Your objective: Check every line below for the string "where". Copy the ones that have it.

Dataset entries:
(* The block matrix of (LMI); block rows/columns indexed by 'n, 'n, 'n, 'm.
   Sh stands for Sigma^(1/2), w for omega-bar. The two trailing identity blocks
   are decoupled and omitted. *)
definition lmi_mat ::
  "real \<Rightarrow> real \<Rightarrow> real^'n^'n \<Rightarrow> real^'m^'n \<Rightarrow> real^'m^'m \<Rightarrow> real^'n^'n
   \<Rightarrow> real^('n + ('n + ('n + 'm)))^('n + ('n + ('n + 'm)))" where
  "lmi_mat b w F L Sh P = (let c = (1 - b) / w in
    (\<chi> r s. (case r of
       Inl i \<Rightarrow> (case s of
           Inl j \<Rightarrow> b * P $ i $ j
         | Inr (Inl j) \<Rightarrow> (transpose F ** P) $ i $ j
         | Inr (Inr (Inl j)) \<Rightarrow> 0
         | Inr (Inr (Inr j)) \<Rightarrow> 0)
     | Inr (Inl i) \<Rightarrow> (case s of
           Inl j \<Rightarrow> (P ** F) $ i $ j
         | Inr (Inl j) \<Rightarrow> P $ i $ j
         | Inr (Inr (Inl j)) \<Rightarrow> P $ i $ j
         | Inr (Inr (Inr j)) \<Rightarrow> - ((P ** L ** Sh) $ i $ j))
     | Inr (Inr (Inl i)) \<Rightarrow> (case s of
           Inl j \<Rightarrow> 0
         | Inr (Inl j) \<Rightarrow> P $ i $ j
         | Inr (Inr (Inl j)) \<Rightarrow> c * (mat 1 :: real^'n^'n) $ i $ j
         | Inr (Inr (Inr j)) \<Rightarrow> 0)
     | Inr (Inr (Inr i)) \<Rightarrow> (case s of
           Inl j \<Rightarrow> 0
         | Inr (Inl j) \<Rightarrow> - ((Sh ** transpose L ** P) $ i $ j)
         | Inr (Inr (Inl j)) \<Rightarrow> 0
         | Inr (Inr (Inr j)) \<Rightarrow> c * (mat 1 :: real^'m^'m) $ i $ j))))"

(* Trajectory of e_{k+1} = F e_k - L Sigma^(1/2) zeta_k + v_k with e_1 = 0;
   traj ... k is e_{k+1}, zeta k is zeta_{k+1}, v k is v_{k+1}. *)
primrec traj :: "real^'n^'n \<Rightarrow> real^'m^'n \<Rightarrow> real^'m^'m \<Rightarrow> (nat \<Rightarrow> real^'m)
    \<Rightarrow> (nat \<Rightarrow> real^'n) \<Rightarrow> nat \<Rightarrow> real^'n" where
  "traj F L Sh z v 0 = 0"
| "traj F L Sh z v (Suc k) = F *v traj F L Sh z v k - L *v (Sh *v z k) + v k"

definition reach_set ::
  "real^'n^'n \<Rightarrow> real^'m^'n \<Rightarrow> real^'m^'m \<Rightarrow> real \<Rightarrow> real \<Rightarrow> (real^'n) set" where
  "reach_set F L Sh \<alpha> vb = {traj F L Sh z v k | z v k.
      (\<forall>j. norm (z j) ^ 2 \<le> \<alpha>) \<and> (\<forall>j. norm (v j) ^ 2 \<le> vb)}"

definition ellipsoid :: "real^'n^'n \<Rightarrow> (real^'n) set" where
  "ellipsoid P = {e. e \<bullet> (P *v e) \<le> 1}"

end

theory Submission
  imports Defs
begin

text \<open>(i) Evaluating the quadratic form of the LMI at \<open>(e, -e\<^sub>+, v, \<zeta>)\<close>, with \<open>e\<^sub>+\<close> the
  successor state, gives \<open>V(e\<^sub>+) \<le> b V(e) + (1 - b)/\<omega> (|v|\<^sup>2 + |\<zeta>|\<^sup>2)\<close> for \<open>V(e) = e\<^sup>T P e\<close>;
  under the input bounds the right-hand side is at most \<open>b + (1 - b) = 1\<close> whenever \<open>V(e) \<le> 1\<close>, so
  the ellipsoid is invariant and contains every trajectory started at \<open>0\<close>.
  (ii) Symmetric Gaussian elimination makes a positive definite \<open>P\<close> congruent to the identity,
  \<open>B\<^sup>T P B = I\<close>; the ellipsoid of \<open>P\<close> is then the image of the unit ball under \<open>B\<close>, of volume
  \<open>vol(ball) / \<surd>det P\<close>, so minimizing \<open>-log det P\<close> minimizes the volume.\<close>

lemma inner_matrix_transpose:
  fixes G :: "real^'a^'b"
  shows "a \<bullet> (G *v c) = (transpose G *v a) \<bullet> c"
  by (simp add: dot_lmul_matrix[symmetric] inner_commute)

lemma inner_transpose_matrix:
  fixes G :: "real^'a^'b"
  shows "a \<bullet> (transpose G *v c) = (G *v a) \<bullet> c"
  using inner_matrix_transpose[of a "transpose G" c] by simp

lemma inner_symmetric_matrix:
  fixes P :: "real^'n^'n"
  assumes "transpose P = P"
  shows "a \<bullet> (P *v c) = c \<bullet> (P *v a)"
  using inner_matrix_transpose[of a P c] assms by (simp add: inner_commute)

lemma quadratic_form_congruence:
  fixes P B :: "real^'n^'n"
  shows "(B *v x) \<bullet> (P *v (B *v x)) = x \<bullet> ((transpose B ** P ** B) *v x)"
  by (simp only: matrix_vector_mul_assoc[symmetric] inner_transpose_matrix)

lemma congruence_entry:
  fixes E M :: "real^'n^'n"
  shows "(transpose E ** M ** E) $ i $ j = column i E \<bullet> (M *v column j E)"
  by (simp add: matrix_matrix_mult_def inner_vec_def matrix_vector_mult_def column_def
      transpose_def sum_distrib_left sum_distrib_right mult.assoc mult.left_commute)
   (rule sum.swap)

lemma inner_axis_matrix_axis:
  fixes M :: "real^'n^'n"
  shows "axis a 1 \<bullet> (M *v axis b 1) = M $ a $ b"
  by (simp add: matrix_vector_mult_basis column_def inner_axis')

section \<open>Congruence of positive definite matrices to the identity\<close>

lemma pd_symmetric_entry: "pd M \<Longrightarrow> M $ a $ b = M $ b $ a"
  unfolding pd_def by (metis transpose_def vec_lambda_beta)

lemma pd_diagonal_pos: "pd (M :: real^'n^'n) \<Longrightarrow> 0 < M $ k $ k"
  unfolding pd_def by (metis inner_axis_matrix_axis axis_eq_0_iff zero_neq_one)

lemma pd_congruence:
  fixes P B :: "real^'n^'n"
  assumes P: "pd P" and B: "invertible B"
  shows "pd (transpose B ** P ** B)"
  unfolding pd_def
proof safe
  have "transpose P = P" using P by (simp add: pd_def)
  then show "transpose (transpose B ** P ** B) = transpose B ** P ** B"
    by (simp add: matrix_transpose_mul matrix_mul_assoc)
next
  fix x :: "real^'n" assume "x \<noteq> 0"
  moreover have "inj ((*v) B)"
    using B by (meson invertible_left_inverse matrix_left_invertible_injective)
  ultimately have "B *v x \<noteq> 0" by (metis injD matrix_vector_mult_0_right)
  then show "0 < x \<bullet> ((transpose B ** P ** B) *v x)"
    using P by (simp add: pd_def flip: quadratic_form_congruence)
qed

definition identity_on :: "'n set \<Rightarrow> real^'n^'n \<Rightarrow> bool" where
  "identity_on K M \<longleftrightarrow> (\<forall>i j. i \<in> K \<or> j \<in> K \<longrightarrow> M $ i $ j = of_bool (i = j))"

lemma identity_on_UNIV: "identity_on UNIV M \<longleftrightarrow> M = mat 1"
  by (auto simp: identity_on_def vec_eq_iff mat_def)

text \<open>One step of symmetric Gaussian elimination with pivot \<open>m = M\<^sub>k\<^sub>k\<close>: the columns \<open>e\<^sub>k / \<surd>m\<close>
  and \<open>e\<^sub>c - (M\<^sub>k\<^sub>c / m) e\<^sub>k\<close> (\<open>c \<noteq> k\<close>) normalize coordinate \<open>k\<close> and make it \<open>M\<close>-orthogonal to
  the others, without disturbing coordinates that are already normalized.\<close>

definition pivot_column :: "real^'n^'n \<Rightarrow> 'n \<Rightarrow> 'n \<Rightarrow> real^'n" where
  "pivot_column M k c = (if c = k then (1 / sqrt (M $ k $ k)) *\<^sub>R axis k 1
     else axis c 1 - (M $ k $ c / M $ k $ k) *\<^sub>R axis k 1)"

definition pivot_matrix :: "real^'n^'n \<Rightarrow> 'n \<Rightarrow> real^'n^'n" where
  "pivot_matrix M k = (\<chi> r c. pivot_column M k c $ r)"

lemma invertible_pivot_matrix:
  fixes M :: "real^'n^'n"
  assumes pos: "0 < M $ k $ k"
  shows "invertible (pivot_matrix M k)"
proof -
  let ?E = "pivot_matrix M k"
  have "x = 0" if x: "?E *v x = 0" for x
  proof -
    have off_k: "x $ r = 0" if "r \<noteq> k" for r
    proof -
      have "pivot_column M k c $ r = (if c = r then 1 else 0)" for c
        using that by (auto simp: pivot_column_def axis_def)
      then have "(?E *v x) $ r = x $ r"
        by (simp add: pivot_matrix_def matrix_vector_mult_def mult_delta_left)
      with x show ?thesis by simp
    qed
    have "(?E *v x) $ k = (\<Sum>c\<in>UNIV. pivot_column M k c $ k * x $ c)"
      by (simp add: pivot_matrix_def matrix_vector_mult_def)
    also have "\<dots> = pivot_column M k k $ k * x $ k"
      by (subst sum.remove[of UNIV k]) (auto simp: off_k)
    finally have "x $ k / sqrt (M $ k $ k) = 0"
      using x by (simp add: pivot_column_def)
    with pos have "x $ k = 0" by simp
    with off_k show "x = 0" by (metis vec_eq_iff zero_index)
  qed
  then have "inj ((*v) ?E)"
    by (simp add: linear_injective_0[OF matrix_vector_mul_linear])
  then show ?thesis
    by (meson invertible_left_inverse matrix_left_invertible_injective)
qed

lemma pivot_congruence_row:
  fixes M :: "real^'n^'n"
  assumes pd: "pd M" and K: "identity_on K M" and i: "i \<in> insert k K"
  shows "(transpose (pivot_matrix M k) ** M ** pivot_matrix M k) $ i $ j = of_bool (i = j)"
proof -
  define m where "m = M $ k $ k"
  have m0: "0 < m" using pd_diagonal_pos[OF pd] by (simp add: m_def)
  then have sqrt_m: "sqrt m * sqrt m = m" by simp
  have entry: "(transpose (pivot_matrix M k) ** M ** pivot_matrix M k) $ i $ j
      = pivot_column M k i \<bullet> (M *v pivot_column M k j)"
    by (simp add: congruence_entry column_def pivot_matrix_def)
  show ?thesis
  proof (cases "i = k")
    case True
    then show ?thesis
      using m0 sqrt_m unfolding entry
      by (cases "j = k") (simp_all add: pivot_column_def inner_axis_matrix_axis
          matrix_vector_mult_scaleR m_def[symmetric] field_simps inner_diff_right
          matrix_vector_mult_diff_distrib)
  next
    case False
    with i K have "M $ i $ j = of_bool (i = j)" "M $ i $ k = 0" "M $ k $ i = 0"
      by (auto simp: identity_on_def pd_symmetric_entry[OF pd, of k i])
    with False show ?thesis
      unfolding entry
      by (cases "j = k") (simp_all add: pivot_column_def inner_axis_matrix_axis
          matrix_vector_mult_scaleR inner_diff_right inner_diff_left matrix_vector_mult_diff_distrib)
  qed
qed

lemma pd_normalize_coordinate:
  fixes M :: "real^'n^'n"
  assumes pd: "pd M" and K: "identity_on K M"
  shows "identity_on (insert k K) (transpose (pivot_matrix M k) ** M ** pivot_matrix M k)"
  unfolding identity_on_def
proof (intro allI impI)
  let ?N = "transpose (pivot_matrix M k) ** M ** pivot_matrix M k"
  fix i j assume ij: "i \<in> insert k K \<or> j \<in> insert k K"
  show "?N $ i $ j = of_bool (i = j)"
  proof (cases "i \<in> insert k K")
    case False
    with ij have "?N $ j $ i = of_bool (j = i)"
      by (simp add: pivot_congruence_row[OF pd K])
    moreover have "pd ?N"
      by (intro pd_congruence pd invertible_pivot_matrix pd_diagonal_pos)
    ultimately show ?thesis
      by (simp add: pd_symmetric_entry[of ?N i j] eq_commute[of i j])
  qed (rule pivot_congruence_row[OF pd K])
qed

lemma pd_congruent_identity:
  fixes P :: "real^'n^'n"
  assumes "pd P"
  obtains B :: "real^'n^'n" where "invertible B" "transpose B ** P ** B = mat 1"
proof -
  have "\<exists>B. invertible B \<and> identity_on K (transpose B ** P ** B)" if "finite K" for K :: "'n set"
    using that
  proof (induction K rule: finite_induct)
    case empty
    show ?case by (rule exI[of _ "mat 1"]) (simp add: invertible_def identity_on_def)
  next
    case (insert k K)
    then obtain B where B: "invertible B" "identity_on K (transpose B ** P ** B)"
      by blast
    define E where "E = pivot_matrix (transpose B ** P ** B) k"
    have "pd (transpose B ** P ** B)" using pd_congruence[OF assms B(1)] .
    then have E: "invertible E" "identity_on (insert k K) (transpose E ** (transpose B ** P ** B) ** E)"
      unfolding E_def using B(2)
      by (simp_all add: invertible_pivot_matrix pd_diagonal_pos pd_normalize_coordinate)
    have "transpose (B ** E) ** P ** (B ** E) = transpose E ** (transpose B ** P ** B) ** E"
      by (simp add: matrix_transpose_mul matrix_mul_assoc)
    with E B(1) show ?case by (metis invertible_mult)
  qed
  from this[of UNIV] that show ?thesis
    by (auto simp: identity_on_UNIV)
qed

Problem solution:
   \<Rightarrow> real^('n + ('n + ('n + 'm)))^('n + ('n + ('n + 'm)))" where
    \<Rightarrow> (nat \<Rightarrow> real^'n) \<Rightarrow> nat \<Rightarrow> real^'n" where
  "real^'n^'n \<Rightarrow> real^'m^'n \<Rightarrow> real^'m^'m \<Rightarrow> real \<Rightarrow> real \<Rightarrow> (real^'n) set" where
definition ellipsoid :: "real^'n^'n \<Rightarrow> (real^'n) set" where
definition identity_on :: "'n set \<Rightarrow> real^'n^'n \<Rightarrow> bool" where
definition pivot_column :: "real^'n^'n \<Rightarrow> 'n \<Rightarrow> 'n \<Rightarrow> real^'n" where
definition pivot_matrix :: "real^'n^'n \<Rightarrow> 'n \<Rightarrow> real^'n^'n" where
  define m where "m = M $ k $ k"
  obtains B :: "real^'n^'n" where "invertible B" "transpose B ** P ** B = mat 1"
    then obtain B where B: "invertible B" "identity_on K (transpose B ** P ** B)"
    define E where "E = pivot_matrix (transpose B ** P ** B) k"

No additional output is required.